* **WORK TO COMPLETE**: Give the records again, word for word.
+++
lemma is_orth_proj_exists:
  assumes "diffeology X D" "scalar_prod_Lambda D x g" "fin_dim_Lambda D x" "w \<in> Omega D"
  shows "\<exists>w'. is_orth_proj D g (ker_i D Y x) w w'"
proof -
  interpret semi_inner_subspace "Omega D" "Omega_at D x" g "ker_i D Y x"
    using assms(1,2) by (rule semi_inner_subspace_ker_i)
  obtain B where "finite B" "\<forall>\<omega>\<in>Omega D. \<exists>c. fdiff \<omega> (flin B c) \<in> Omega_at D x"
    using assms(3) unfolding fin_dim_Lambda_def mod_eq_def by blast
  then show ?thesis
    using orth_proj_exists assms(4) unfolding is_orth_proj_def by blast
qed

lemma is_orth_proj_self:
  assumes "diffeology X D" "w \<in> Omega D" "\<forall>k\<in>ker_i D Y x. g w k = 0"
  shows "is_orth_proj D g (ker_i D Y x) w w"
proof -
  have "fdiff w w = zero_form"
    by (simp add: fdiff_def zero_form_def)
  then show ?thesis
    using assms zero_form_Omega_at Omega_at_subset_ker_i[OF assms(1)]
    unfolding is_orth_proj_def by (metis subsetD)
qed

section \<open>Compatibility across the gluing map\<close>

locale gluing_data =
  fixes X1 :: "'a set" and D1 :: "'a plot set" and X2 :: "'b set" and D2 :: "'b plot set"
    and Y :: "'a set" and f :: "'a \<Rightarrow> 'b"
  assumes diffeology1: "diffeology X1 D1" and diffeology2: "diffeology X2 D2"
    and f_smooth: "smooth_map Y (sub_diff D1 Y) (f ` Y) (sub_diff D2 (f ` Y)) f"
    and same_image: "pb id (sub_diff D1 Y) ` Omega D1 =
         (pb f (sub_diff D1 Y) \<circ> pb id (sub_diff D2 (f ` Y))) ` Omega D2"
begin

abbreviation i_pb :: "'a form \<Rightarrow> 'a form" where
  "i_pb \<equiv> pb id (sub_diff D1 Y)"

abbreviation fj_pb :: "'b form \<Rightarrow> 'a form" where
  "fj_pb \<omega> \<equiv> pb f (sub_diff D1 Y) (pb id (sub_diff D2 (f ` Y)) \<omega>)"

lemma i_pb_Omega: "\<beta> \<in> Omega D1 \<Longrightarrow> i_pb \<beta> \<in> Omega (sub_diff D1 Y)"
  using diffeology1 by (rule pb_id_sub_diff_Omega)

lemma ex_i_pb_eq_fj_pb: "\<omega> \<in> Omega D2 \<Longrightarrow> \<exists>\<beta>\<in>Omega D1. i_pb \<beta> = fj_pb \<omega>"
proof -
  assume "\<omega> \<in> Omega D2"
  then have "fj_pb \<omega> \<in> i_pb ` Omega D1"
    unfolding same_image by auto
  then show ?thesis
    by (auto simp: image_iff)
qed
+++
* **EXERCISE RESPONSE**:
lemma is_orth_proj_exists:
  assumes "diffeology X D" "scalar_prod_Lambda D x g" "fin_dim_Lambda D x" "w \<in> Omega D"
  shows "\<exists>w'. is_orth_proj D g (ker_i D Y x) w w'"
proof -
  interpret semi_inner_subspace "Omega D" "Omega_at D x" g "ker_i D Y x"
    using assms(1,2) by (rule semi_inner_subspace_ker_i)
  obtain B where "finite B" "\<forall>\<omega>\<in>Omega D. \<exists>c. fdiff \<omega> (flin B c) \<in> Omega_at D x"
    using assms(3) unfolding fin_dim_Lambda_def mod_eq_def by blast
  then show ?thesis
    using orth_proj_exists assms(4) unfolding is_orth_proj_def by blast
qed

lemma is_orth_proj_self:
  assumes "diffeology X D" "w \<in> Omega D" "\<forall>k\<in>ker_i D Y x. g w k = 0"
  shows "is_orth_proj D g (ker_i D Y x) w w"
proof -
  have "fdiff w w = zero_form"
    by (simp add: fdiff_def zero_form_def)
  then show ?thesis
    using assms zero_form_Omega_at Omega_at_subset_ker_i[OF assms(1)]
    unfolding is_orth_proj_def by (metis subsetD)
qed

section \<open>Compatibility across the gluing map\<close>

locale gluing_data =
  fixes X1 :: "'a set" and D1 :: "'a plot set" and X2 :: "'b set" and D2 :: "'b plot set"
    and Y :: "'a set" and f :: "'a \<Rightarrow> 'b"
  assumes diffeology1: "diffeology X1 D1" and diffeology2: "diffeology X2 D2"
    and f_smooth: "smooth_map Y (sub_diff D1 Y) (f ` Y) (sub_diff D2 (f ` Y)) f"
    and same_image: "pb id (sub_diff D1 Y) ` Omega D1 =
         (pb f (sub_diff D1 Y) \<circ> pb id (sub_diff D2 (f ` Y))) ` Omega D2"
begin

abbreviation i_pb :: "'a form \<Rightarrow> 'a form" where
  "i_pb \<equiv> pb id (sub_diff D1 Y)"

abbreviation fj_pb :: "'b form \<Rightarrow> 'a form" where
  "fj_pb \<omega> \<equiv> pb f (sub_diff D1 Y) (pb id (sub_diff D2 (f ` Y)) \<omega>)"

lemma i_pb_Omega: "\<beta> \<in> Omega D1 \<Longrightarrow> i_pb \<beta> \<in> Omega (sub_diff D1 Y)"
  using diffeology1 by (rule pb_id_sub_diff_Omega)

lemma ex_i_pb_eq_fj_pb: "\<omega> \<in> Omega D2 \<Longrightarrow> \<exists>\<beta>\<in>Omega D1. i_pb \<beta> = fj_pb \<omega>"
proof -
  assume "\<omega> \<in> Omega D2"
  then have "fj_pb \<omega> \<in> i_pb ` Omega D1"
    unfolding same_image by auto
  then show ?thesis
    by (auto simp: image_iff)
qed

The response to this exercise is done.